Review #1
Summary of paper in a few sentences:
A position paper on best practices in translational research.
Reasons to accept:
Timely and appropriate set of best practices supported by examples and historical relevance. Generally well written with reasonable use of figures.
--> I thank the reviewer for his comments.
Reasons to reject:
Not very novel, however seems reasonable given the format of a position paper.
--> I thank the reviewer for his constructive comments. I believe this manuscript is novel in the sense that is the first clear overview of what 'rules' to follow in the field of translational research informatics.
Review #2
Length of the manuscript:
The authors need to elaborate more on certain aspects and the manuscript should therefore be extended (if the general length limit is already reached, I urge the editor to allow for an exception)
--> I have extended most of the commandments, as well as table 1.
Summary of paper in a few sentences:
Paper aims to give listing of ten commandments translational teams should follow when considering data for projects and how best to manage that data.
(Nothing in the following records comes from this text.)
(* Let $n,d,D$ be positive integers with $D\ge d$, let $\varepsilon>0$, and let $\psi,\phi:\mathbb{R}^d\to\mathbb{R}^D$ be fixed maps. Let $K$ be an $n\times d$ matrix with rows $K_1,\dots,K_n$. Then there is a subset $U\subseteq[n]$, determined by $K$ (and $\phi,\varepsilon$) alone, with $|U|\le D/\varepsilon$, such that for every $n\times d$ matrix $Q$ with rows $Q_1,\dots,Q_n$ and every $i\in[n]$ with $\sum_{\ell=1}^n\langle\psi(Q_i),\phi(K_\ell)\rangle^2>0$, we have $\{j\in[n]: A_{ij}\ge\varepsilon\}\subseteq U$, where $A_{ij}=\frac{\langle\psi(Q_i),\phi(K_j)\rangle^2}{\sum_{\ell=1}^n\langle\psi(Q_i),\phi(K_\ell)\rangle^2}$.
   Context: $[n]=\{1,\dots,n\}$; $\langle\cdot,\cdot\rangle$ is the standard inner product on $\mathbb{R}^D$. *)

theory Defs
  imports "HOL-Analysis.Analysis"
begin

text \<open>Attention-type weights: rows of the n x d matrices Q, K are given as functions
  from the index set {1..n} to real^'d.\<close>
definition attn_weight ::
  "nat \<Rightarrow> (real^'d \<Rightarrow> real^'D) \<Rightarrow> (real^'d \<Rightarrow> real^'D) \<Rightarrow>
   (nat \<Rightarrow> real^'d) \<Rightarrow> (nat \<Rightarrow> real^'d) \<Rightarrow> nat \<Rightarrow> nat \<Rightarrow> real" where
  "attn_weight n \<psi> \<phi> Q K i j =
     (\<psi> (Q i) \<bullet> \<phi> (K j))^2 / (\<Sum>l=1..n. (\<psi> (Q i) \<bullet> \<phi> (K l))^2)"
(* Let $k$ be a positive integer with $3\mid k$. Then $S_3(k;3)\ge 3k-3$.
   Context: Let $k,r$ be positive integers with $r\mid k$. A solution to $\mathcal{E}$ is a $k$-tuple $(x_1,\dots,x_k)$ of positive integers (not necessarily distinct) with $\sum_{i=1}^{k-1}x_i=x_k$; it lies in $[1,n]$ if all $x_i\in\{1,\dots,n\}$. Given a coloring $\chi$ of $[1,n]$ with colors in $\{0,1,\dots,r-1\}$ (viewed as integers), a solution is $r$-zero-sum if $\sum_{i=1}^k\chi(x_i)\equiv 0\pmod r$. $S_3(k;r)$ denotes the least positive integer $n$ such that every coloring $\chi:[1,n]\to\{0,1,\dots,r-1\}$ admits an $r$-zero-sum solution to $\mathcal{E}$ in $[1,n]$. *)

theory Defs
  imports Main
begin

definition solution_in :: "nat \<Rightarrow> nat \<Rightarrow> (nat \<Rightarrow> nat) \<Rightarrow> bool" where
  "solution_in k n x \<longleftrightarrow> (\<forall>i\<in>{1..k}. x i \<in> {1..n}) \<and> (\<Sum>i=1..k-1. x i) = x k"

definition zero_sum :: "nat \<Rightarrow> nat \<Rightarrow> (nat \<Rightarrow> nat) \<Rightarrow> (nat \<Rightarrow> nat) \<Rightarrow> bool" where
  "zero_sum k r chi x \<longleftrightarrow> (\<Sum>i=1..k. chi (x i)) mod r = 0"

definition zs_property :: "nat \<Rightarrow> nat \<Rightarrow> nat \<Rightarrow> bool" where
  "zs_property k r n \<longleftrightarrow>
     (\<forall>chi :: nat \<Rightarrow> nat. (\<forall>y\<in>{1..n}. chi y < r) \<longrightarrow>
        (\<exists>x. solution_in k n x \<and> zero_sum k r chi x))"

definition S3 :: "nat \<Rightarrow> nat \<Rightarrow> nat" where
  "S3 k r = (LEAST n. 0 < n \<and> zs_property k r n)"

end

theory Submission
  imports Defs
begin

text \<open>
  Colour [1, k-1] by y + 2, [k, 2k-3] by 0 or 1 according to whether y = 1 (mod 3), and
  [2k-2, 3k-4] by 2y + 1 (all mod 3). In a solution inside [1, 3k-4] at most one summand
  exceeds k - 1, and in both cases the colour sum is forced to be nonzero mod 3.
  Since S3 is defined by LEAST, the bound also needs some n with the zero-sum property;
  for k \<ge> 6 one of the four multiples (k-3), 3(k-3), 7(k-3), 15(k-3) shares a colour with a
  larger one, which yields the solution (a, a, b, ..., b, 2a + (k-3)b); for k = 3 the value n = 10
  is checked exhaustively.
\<close>

lemma sum_cl_ivl_last:
  "0 < (k::nat) \<Longrightarrow> (\<Sum>i=1..k. f i) = (\<Sum>i=1..k-1. f i) + (f k :: 'a::comm_monoid_add)"
  by (cases k) (simp_all add: sum.cl_ivl_Suc)

lemma solution_inD:
  assumes "solution_in k n x" and "0 < k"
  shows "x k = sum x {1..k-1}" and "k - 1 \<le> x k" and "x k \<le> n"
    and "\<And>i. i \<in> {1..k-1} \<Longrightarrow> 1 \<le> x i \<and> x i \<le> n"
proof -
  show bounds: "\<And>i. i \<in> {1..k-1} \<Longrightarrow> 1 \<le> x i \<and> x i \<le> n"
    using assms unfolding solution_in_def by auto
  show last: "x k = sum x {1..k-1}" and "x k \<le> n"
    using assms unfolding solution_in_def by auto
  show "k - 1 \<le> x k"
    using sum_bounded_below[of "{1..k-1}" 1 x] bounds unfolding last by simp
qed

lemma solution_in_at_most_one_large:
  assumes sol: "solution_in k n x" and n: "n \<le> 3*k - 4"
    and i: "i \<in> {1..k-1}" and j: "j \<in> {1..k-1}" "j \<noteq> i" and large: "k \<le> x i"
  shows "x j \<le> k - 1"
proof (rule ccontr)
  assume "\<not> x j \<le> k - 1"
  have "0 < k" using i by auto
  note facts = solution_inD[OF sol this]
  define R where "R = {1..k-1} - {i} - {j}"
  have fin: "finite ({1..k-1} - {i})" by simp
  have j': "j \<in> {1..k-1} - {i}" using j by simp
  have "x k = x i + (x j + sum x R)"
    unfolding facts(1) R_def sum.remove[OF fin j', symmetric] using i by (simp add: sum.remove)
  moreover have "card R = k - 3" using i j unfolding R_def by simp
  moreover have "card R * 1 \<le> sum x R"
    using sum_bounded_below[of R 1 x] facts(4) unfolding R_def by simp
  ultimately show False using facts(3) n \<open>\<not> x j \<le> k - 1\<close> large by linarith
qed

definition extremal_colouring :: "nat \<Rightarrow> nat \<Rightarrow> nat" where
  "extremal_colouring k y =
     (if y \<le> k - 1 then (y + 2) mod 3
      else if y \<le> 2*k - 3 then (if y mod 3 = 1 then 0 else 1)
      else (2*y + 1) mod 3)"

lemma extremal_colouring_less_3: "extremal_colouring k y < 3"
  unfolding extremal_colouring_def by auto

lemma sum_colours_small:
  assumes "\<And>i. i \<in> A \<Longrightarrow> x i \<le> k - 1"
  shows "(\<Sum>i\<in>A. extremal_colouring k (x i)) mod 3 = (sum x A + 2 * card A) mod 3"
proof -
  have "(\<Sum>i\<in>A. extremal_colouring k (x i)) mod 3 = (\<Sum>i\<in>A. extremal_colouring k (x i) mod 3) mod 3"
    by (rule mod_sum_eq[symmetric])
  also have "\<dots> = (\<Sum>i\<in>A. (x i + 2) mod 3) mod 3"
    using assms by (simp add: extremal_colouring_def cong: sum.cong)
  also have "\<dots> = (\<Sum>i\<in>A. x i + 2) mod 3"
    by (rule mod_sum_eq)
  also have "(\<Sum>i\<in>A. x i + 2) = sum x A + 2 * card A"
    by (simp only: sum.distrib sum_constant) simp
  finally show ?thesis .
qed

lemma colour_sum_all_small:
  assumes k: "k = 3*m + 3" and "k - 1 \<le> S" and "S \<le> 3*k - 4"
  shows "(S + 2*(k - 1) + extremal_colouring k S) mod 3 \<noteq> 0"
proof -
  have k1: "k - 1 = 3*m + 2" using k by simp
  consider "S = 3*m + 2" | "k \<le> S" "S \<le> 2*k - 3" | "\<not> S \<le> 2*k - 3"
    using assms by linarith
  then show ?thesis
  proof cases
    case 1
    then have "extremal_colouring k S = (S + 2) mod 3"
      using k by (simp add: extremal_colouring_def)
    then show ?thesis unfolding k1 1 by presburger
  next
    case 2
    then have colour: "extremal_colouring k S = (if S mod 3 = 1 then 0 else 1)"
      using k by (simp add: extremal_colouring_def)
    moreover have "\<And>S::nat. (S + 2*(3*m + 2) + (if S mod 3 = 1 then 0 else 1)) mod 3 \<noteq> 0"
      by presburger
    ultimately show ?thesis unfolding colour k1 by blast
  next
    case 3
    then have colour: "extremal_colouring k S = (2*S + 1) mod 3"
      using k by (simp add: extremal_colouring_def)
    moreover have "\<And>S::nat. (S + 2*(3*m + 2) + (2*S + 1) mod 3) mod 3 \<noteq> 0"
      by presburger
    ultimately show ?thesis unfolding colour k1 by blast
  qed
qed

lemma colour_sum_one_large:
  assumes k: "k = 3*m + 3" and "k \<le> y" and "k - 2 \<le> T" and "y + T \<le> 3*k - 4"
  shows "(extremal_colouring k y + (T + 2*(k - 2)) + extremal_colouring k (y + T)) mod 3 \<noteq> 0"
proof -
  have k2: "k - 2 = 3*m + 1" using k by simp
  have sum_colour: "extremal_colouring k (y + T) = (2*(y + T) + 1) mod 3"
    using assms by (simp add: extremal_colouring_def)
  show ?thesis
  proof (cases "y \<le> 2*k - 3")
    case True
    then have colour: "extremal_colouring k y = (if y mod 3 = 1 then 0 else 1)"
      using assms by (simp add: extremal_colouring_def)
    moreover have "\<And>y T :: nat. ((if y mod 3 = 1 then 0 else 1) + (T + 2*(3*m + 1))
        + (2*(y + T) + 1) mod 3) mod 3 \<noteq> 0"
      by presburger
    ultimately show ?thesis unfolding colour sum_colour k2 by blast
  next
    case False
    then have y: "y = 6*m + 4" using assms by simp
    have colour: "extremal_colouring k y = (2*y + 1) mod 3"
      using False by (simp add: extremal_colouring_def)
    have "\<And>T :: nat. ((2*(6*m + 4) + 1) mod 3 + (T + 2*(3*m + 1))
        + (2*((6*m + 4) + T) + 1) mod 3) mod 3 \<noteq> 0"
      by presburger
    then show ?thesis unfolding colour sum_colour k2 unfolding y .
  qed
qed

lemma extremal_colouring_no_zero_sum:
  assumes "3 dvd k" "0 < k" and n: "n \<le> 3*k - 4" and sol: "solution_in k n x"
  shows "\<not> zero_sum k 3 (extremal_colouring k) x"
proof -
  let ?c = "extremal_colouring k"
  define I where "I = {1..k-1}"
  have k: "k = 3*(k div 3 - 1) + 3" using assms(1,2) by (elim dvdE) simp
  have "finite I" and card_I: "card I = k - 1" unfolding I_def by simp_all
  note facts = solution_inD[OF sol \<open>0 < k\<close>, folded I_def]
  have "(\<Sum>i=1..k. ?c (x i)) mod 3 = ((\<Sum>i\<in>I. ?c (x i)) mod 3 + ?c (x k)) mod 3"
    unfolding I_def sum_cl_ivl_last[OF \<open>0 < k\<close>] by (rule mod_add_left_eq[symmetric])
  also have "\<dots> \<noteq> 0"
  proof (cases "\<exists>j\<in>I. k \<le> x j")
    case False
    then have "\<And>i. i \<in> I \<Longrightarrow> x i \<le> k - 1" by force
    from sum_colours_small[of I x k, OF this]
    have "(\<Sum>i\<in>I. ?c (x i)) mod 3 = (x k + 2*(k - 1)) mod 3"
      unfolding facts(1) card_I .
    then show ?thesis
      using colour_sum_all_small[OF k facts(2)] facts(3) n by (simp add: mod_add_left_eq)
  next
    case True
    then obtain j where j: "j \<in> I" "k \<le> x j" by blast
    define T where "T = sum x (I - {j})"
    have last: "x k = x j + T" unfolding T_def facts(1) using sum.remove[OF \<open>finite I\<close> j(1)] .
    have card: "card (I - {j}) = k - 2" using j(1) card_I by simp
    have "card (I - {j}) * 1 \<le> T"
      using sum_bounded_below[of "I - {j}" 1 x] facts(4) unfolding T_def by simp
    then have T: "k - 2 \<le> T" using card by simp
    have "x i \<le> k - 1" if "i \<in> I - {j}" for i
      using solution_in_at_most_one_large[OF sol n _ _ _ j(2), of i] that j(1) unfolding I_def by blast
    from sum_colours_small[of "I - {j}" x k, OF this]
    have "(\<Sum>i\<in>I - {j}. ?c (x i)) mod 3 = (T + 2*(k - 2)) mod 3"
      unfolding T_def[symmetric] card .
    then have "((\<Sum>i\<in>I. ?c (x i)) mod 3 + ?c (x k)) mod 3
        = (?c (x j) + (T + 2*(k - 2)) + ?c (x j + T)) mod 3"
      unfolding sum.remove[OF \<open>finite I\<close> j(1)] last by (metis mod_add_left_eq mod_add_right_eq)
    then show ?thesis
      using colour_sum_one_large[OF k j(2) T] last facts(3) n by simp
  qed
  finally show ?thesis unfolding zero_sum_def .
qed

lemma not_zs_property_below:
  assumes "3 dvd k" "0 < k" "n \<le> 3*k - 4"
  shows "\<not> zs_property k 3 n"
  using extremal_colouring_no_zero_sum[OF assms] extremal_colouring_less_3
  unfolding zs_property_def by blast

lemma zero_sum_solution_of_equal_colours:
  fixes f :: "nat \<Rightarrow> nat"
  assumes k: "3 \<le> k" "3 dvd k" and "1 \<le> a" "1 \<le> b" "b \<le> n" "c \<le> n"
    and c: "c = 2*a + (k - 3)*b" and colour: "f a = f c"
  shows "\<exists>x. solution_in k n x \<and> zero_sum k 3 f x"
proof -
  define x where "x = (\<lambda>i::nat. if i \<le> 2 then a else if i < k then b else c)"
  have indices: "{1..k-1} = {1, 2} \<union> {3..k-1}" using k by auto
  have "(\<Sum>i=1..k-1. g (x i)) = 2 * g a + (k - 3) * g b" for g :: "nat \<Rightarrow> nat"
  proof -
    have "(\<Sum>i\<in>{3..k-1}. g (x i)) = (\<Sum>i\<in>{3..k-1}. g b)" by (rule sum.cong) (auto simp: x_def)
    then show ?thesis unfolding indices using k by (subst sum.union_disjoint) (auto simp: x_def)
  qed
  from this[of id] this[of f] have sums:
    "(\<Sum>i=1..k-1. x i) = c" "(\<Sum>i=1..k-1. f (x i)) = 2 * f a + (k - 3) * f b"
    using c by simp_all
  have "x k = c" using k by (simp add: x_def)
  have "solution_in k n x"
    unfolding solution_in_def sums \<open>x k = c\<close> using assms by (auto simp: x_def)
  moreover have "(\<Sum>i=1..k. f (x i)) = 3 * f a + (k - 3) * f b"
    using sum_cl_ivl_last[of k "\<lambda>i. f (x i)"] k(1) unfolding sums \<open>x k = c\<close> colour by simp
  then have "zero_sum k 3 f x"
    unfolding zero_sum_def using k(2) by simp
  ultimately show ?thesis by blast
qed

lemma zs_property_at_15_times:
  assumes k: "6 \<le> k" "3 dvd k"
  shows "zs_property k 3 (15*(k - 3))"
  unfolding zs_property_def
proof (intro allI impI)
  fix f :: "nat \<Rightarrow> nat"
  assume "\<forall>y\<in>{1..15*(k - 3)}. f y < 3"
  then have "f (1*(k - 3)) < 3" "f (3*(k - 3)) < 3" "f (7*(k - 3)) < 3" "f (15*(k - 3)) < 3"
    using k by auto
  then have "f (1*(k - 3)) = f (3*(k - 3)) \<or> f (1*(k - 3)) = f (7*(k - 3))
    \<or> f (1*(k - 3)) = f (15*(k - 3)) \<or> f (3*(k - 3)) = f (7*(k - 3))
    \<or> f (3*(k - 3)) = f (15*(k - 3)) \<or> f (7*(k - 3)) = f (15*(k - 3))"
    by linarith
  moreover have pair: "\<exists>x. solution_in k (15*(k - 3)) x \<and> zero_sum k 3 f x"
    if "f (u*(k - 3)) = f (v*(k - 3))" "1 \<le> u" "2*u < v" "v \<le> 15" for u v
  proof (rule zero_sum_solution_of_equal_colours[where b = "v - 2*u"])
    obtain d where d: "v = 2*u + d" using \<open>2*u < v\<close> less_imp_add_positive by blast
    have "v*K = 2*(u*K) + K*(v - 2*u)" for K :: nat
      unfolding d by (simp add: algebra_simps)
    then show "v*(k - 3) = 2*(u*(k - 3)) + (k - 3)*(v - 2*u)" .
    show "v - 2*u \<le> 15*(k - 3)" using that k by linarith
  qed (use that k in auto)
  ultimately show "\<exists>x. solution_in k (15*(k - 3)) x \<and> zero_sum k 3 f x"
    by (elim disjE) (erule pair; simp)+
qed

lemma less_3_cases: "c < (3::nat) \<Longrightarrow> (c = 0 \<Longrightarrow> P) \<Longrightarrow> (c = 1 \<Longrightarrow> P) \<Longrightarrow> (c = 2 \<Longrightarrow> P) \<Longrightarrow> P"
  by linarith

definition schur_pairs_10 :: "(nat \<times> nat) list" where
  "schur_pairs_10 = [(1,1), (1,2), (1,3), (1,4), (1,5), (1,6), (1,7), (1,8), (1,9),
     (2,2), (2,3), (2,4), (2,5), (2,6), (2,7), (2,8), (3,3), (3,4), (3,5), (3,6), (3,7),
     (4,4), (4,5), (4,6), (5,5)]"

lemma schur_pairs_10_zero_sum:
  fixes f :: "nat \<Rightarrow> nat"
  assumes "f 1 < 3" "f 2 < 3" "f 3 < 3" "f 4 < 3" "f 5 < 3"
    "f 6 < 3" "f 7 < 3" "f 8 < 3" "f 9 < 3" "f 10 < 3"
  shows "\<exists>p\<in>set schur_pairs_10. (f (fst p) + f (snd p) + f (fst p + snd p)) mod 3 = 0"
  using assms unfolding schur_pairs_10_def
  apply simp
  apply (erule less_3_cases; simp?)+
  done

lemma zs_property_3_3_10: "zs_property 3 3 10"
  unfolding zs_property_def
proof (intro allI impI)
  fix f :: "nat \<Rightarrow> nat"
  assume "\<forall>y\<in>{1..10}. f y < 3"
  then obtain a b where ab: "(a, b) \<in> set schur_pairs_10" "(f a + f b + f (a + b)) mod 3 = 0"
    using schur_pairs_10_zero_sum[of f] by fastforce
  then have "1 \<le> a" "1 \<le> b" "a + b \<le> 10" by (auto simp: schur_pairs_10_def)
  define x where "x = (\<lambda>i::nat. if i = 1 then a else if i = 2 then b else a + b)"
  have indices: "{1..3::nat} = {1, 2, 3}" "{1..3-1::nat} = {1, 2}" by auto
  have "solution_in 3 10 x"
    unfolding solution_in_def indices using \<open>1 \<le> a\<close> \<open>1 \<le> b\<close> \<open>a + b \<le> 10\<close>
    by (simp add: x_def)
  moreover have "zero_sum 3 3 f x"
    unfolding zero_sum_def indices using ab(2) by (simp add: x_def add.assoc)
  ultimately show "\<exists>x. solution_in 3 10 x \<and> zero_sum 3 3 f x" by blast
qed

lemma zs_property_exists:
  assumes "0 < k" "3 dvd k"
  shows "\<exists>n. 0 < n \<and> zs_property k 3 n"
proof (cases "k = 3")
  case True
  then show ?thesis using zs_property_3_3_10 by (intro exI[of _ 10]) simp
next
  case False
  then have "6 \<le> k" using assms by (auto elim!: dvdE)
  then show ?thesis using zs_property_at_15_times[OF _ assms(2)] by (intro exI[of _ "15*(k - 3)"]) simp
qed

theorem theorem4:
  fixes k :: nat
  assumes "0 < k" and "3 dvd k"
  shows "S3 k 3 \<ge> 3 * k - 3"
proof -
  have "zs_property k 3 (S3 k 3)"
    using LeastI_ex[OF zs_property_exists[OF assms]] unfolding S3_def by blast
  then show ?thesis using not_zs_property_below[OF assms(2,1), of "S3 k 3"] by linarith
qed

end
lemma ereal_minus_SUP_diff:
  fixes h :: "'a \<Rightarrow> real"
  shows "ereal a - (SUP w\<in>S. ereal (a - h w)) = (INF w\<in>S. ereal (h w))"
proof (cases "S = {}")
  case False
  have "(SUP w\<in>S. ereal (a - h w)) = ereal a - (INF w\<in>S. ereal (h w))"
    using SUP_ereal_minus_right[OF False, of "ereal a" "\<lambda>w. ereal (h w)"] by simp
  then show ?thesis
    by (cases "INF w\<in>S. ereal (h w)") simp_all
qed (simp add: bot_ereal_def top_ereal_def)

lemma second_order_necessary_conditions:
  fixes f :: "'a::real_normed_vector \<Rightarrow> real" and Dg :: "'a \<Rightarrow> 'b::real_inner"
  assumes f_D: "\<And>x. (f has_derivative blinfun_apply (Df x)) (at x)"
    and f_D2: "\<And>x. (Df has_derivative blinfun_apply (D2f x)) (at x)"
    and cont: "isCont D2f x"
    and loc: "local_opt_in_dir f C x d" and crit: "Df x d = 0"
    and multiplier: "\<And>v. Df x v + lam \<bullet> Dg v = 0"
  shows "support_fun (Dg ` asymptotic_second_tangent_cone C x d) lam \<le> 0"
    and "ereal (D2f x d d + lam \<bullet> u) - support_fun ((\<lambda>w. Dg w + u) ` second_tangent_set C x d) lam
      = (INF w\<in>second_tangent_set C x d. ereal (Df x w + D2f x d d))"
proof -
  have lam_Dg: "lam \<bullet> Dg v = - Df x v" for v
    using multiplier[of v] by linarith
  show "support_fun (Dg ` asymptotic_second_tangent_cone C x d) lam \<le> 0"
    unfolding support_fun_def
    by (auto intro!: SUP_least simp: lam_Dg asymptotic_second_tangent_cone_nonneg[OF f_D f_D2 cont loc crit])
  have "support_fun ((\<lambda>w. Dg w + u) ` second_tangent_set C x d) lam
      = (SUP w\<in>second_tangent_set C x d. ereal (D2f x d d + lam \<bullet> u - (Df x w + D2f x d d)))"
    unfolding support_fun_def by (simp add: image_comp inner_add_right lam_Dg)
  then show "ereal (D2f x d d + lam \<bullet> u) - support_fun ((\<lambda>w. Dg w + u) ` second_tangent_set C x d) lam
      = (INF w\<in>second_tangent_set C x d. ereal (Df x w + D2f x d d))"
    by (simp only: ereal_minus_SUP_diff)
qed
(* Let $E$ be a Banach space, $\Omega$ a compact Hausdorff space with Borel $\sigma$-field $\Sigma$, let $H$ be a (V)-subset of $M(\Omega,E^* )\cong C(\Omega,E)^*$, and let $(A_m)_{m\in H}$ be a family of sets in $\Sigma$. Then $\{m\chi_{A_m} : m\in H\}$ is a (V)-subset of $M(\Omega,E^* )$.
   Context: $M(\Omega,E^* )$ denotes the Banach space of weak*-regular $E^*$-valued measures of bounded variation on $\Sigma$, normed by $\|m\|=|m|(\Omega)$, identified isometrically with $C(\Omega,E)^*$ via $\langle f,m\rangle=\int f\,dm$. For $m\in M(\Omega,E^* )$ and $A\in\Sigma$, $m\chi_A$ is the measure $B\mapsto m(A\cap B)$. A series $\sum_n x_n$ in a Banach space $X$ is weakly unconditionally Cauchy (WUC) if $\sum_n|x^*(x_n)|<\infty$ for every $x^*\in X^*$. A subset $H\subset X^*$ is a (V)-subset if $\lim_{n\to\infty}\sup_{x^*\in H}|x^*(x_n)|=0$ for every WUC series $\sum_n x_n$ in $X$ (here $X=C(\Omega,E)$). *)

theory Defs
  imports "HOL-Analysis.Analysis"
begin

definition borel_parts :: "'w::topological_space set \<Rightarrow> 'w set set set" where
  "borel_parts A = {P. finite P \<and> P \<subseteq> sets borel \<and> disjoint P \<and> \<Union>P = A}"

definition variation :: "('w::topological_space set \<Rightarrow> 'b::real_normed_vector) \<Rightarrow> 'w set \<Rightarrow> ereal" where
  "variation \<nu> A = (SUP P \<in> borel_parts A. ereal (\<Sum>B\<in>P. norm (\<nu> B)))"

definition regular_signed_borel :: "('w::topological_space set \<Rightarrow> real) \<Rightarrow> bool" where
  "regular_signed_borel \<mu> \<longleftrightarrow>
     (\<forall>A::nat \<Rightarrow> 'w set. range A \<subseteq> sets borel \<longrightarrow> disjoint_family A \<longrightarrow>
         (\<lambda>n. \<mu> (A n)) sums \<mu> (\<Union>n. A n)) \<and>
     variation \<mu> UNIV < \<infinity> \<and>
     (\<forall>A\<in>sets borel. \<forall>\<epsilon>>0. \<exists>K U. compact K \<and> open U \<and> K \<subseteq> A \<and> A \<subseteq> U \<and>
         variation \<mu> (U - K) < ereal \<epsilon>)"

text \<open>M(Omega, E*): weak*-regular E*-valued Borel measures of bounded variation.
  A measure is a function on sets, normalised to 0 outside the Borel sets.\<close>
definition Mspace :: "('w::topological_space set \<Rightarrow> ('e::real_normed_vector \<Rightarrow>\<^sub>L real)) set" where
  "Mspace = {m. (\<forall>B. B \<notin> sets borel \<longrightarrow> m B = 0) \<and>
                variation m UNIV < \<infinity> \<and>
                (\<forall>x. regular_signed_borel (\<lambda>B. blinfun_apply (m B) x))}"

text \<open>The duality pairing <f, m> = integral of f dm, for f in C(Omega,E), as the limit of
  Riemann sums over Borel partitions on whose pieces f oscillates less than delta.\<close>
definition pairing :: "('w::topological_space \<Rightarrow>\<^sub>C 'e::real_normed_vector) \<Rightarrow> ('w set \<Rightarrow> ('e \<Rightarrow>\<^sub>L real)) \<Rightarrow> real" where
  "pairing f m = (THE c. \<forall>\<epsilon>>0. \<exists>\<delta>>0. \<forall>P t. P \<in> borel_parts UNIV \<longrightarrow>
       (\<forall>B\<in>P. \<forall>u\<in>B. \<forall>v\<in>B. dist (f u) (f v) < \<delta>) \<longrightarrow>
       (\<forall>B\<in>P. B \<noteq> {} \<longrightarrow> t B \<in> B) \<longrightarrow>
       \<bar>c - (\<Sum>B\<in>P. blinfun_apply (m B) (f (t B)))\<bar> \<le> \<epsilon>)"

definition restr_meas :: "('w::topological_space set \<Rightarrow> 'b::zero) \<Rightarrow> 'w set \<Rightarrow> ('w set \<Rightarrow> 'b)" where
  "restr_meas m A = (\<lambda>B. if B \<in> sets borel then m (A \<inter> B) else 0)"

definition WUC :: "(nat \<Rightarrow> 'a::real_normed_vector) \<Rightarrow> bool" where
  "WUC x \<longleftrightarrow> (\<forall>\<phi> :: 'a \<Rightarrow>\<^sub>L real. summable (\<lambda>n. \<bar>blinfun_apply \<phi> (x n)\<bar>))"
They stress the importance of consistency and planning BEFORE a study actually begins, which will enable easier analysis at the end of the study.
Reasons to accept:
This type of information is extremely useful, especially to newly formed teams. Having worked in the field for years, I frequently encounter resistance to several of these topics from PI's, and it is often challenging to perform data analysis when some of these steps are not thought of at the beginning of a study. Having something to reference would be very helpful.
--> I thank the reviewer for his comments. Indeed, data management is something that is often being overlooked by the PIs at the start of the study. Hopefully this manuscript can help change the situation for the better.
Reasons to reject:
It is unclear who the intended audience is. The author seems to imply the commandments would be useful for new teams, however much of the language is in acronyms which a new team might not know. The audience should be better defined, and that should be thought of when explaining each commandment. Along those lines, including examples for some of the commandments (i.e. commandment 1 would be nice to include or reference a work package). The author mentions this is for translational research, yet the focus seems to be mainly on clinical data. Basic science data needs to be mentioned/included more to make it more relevant to the entire translational research spectrum, and not just clinical research which is how it largely reads at the moment.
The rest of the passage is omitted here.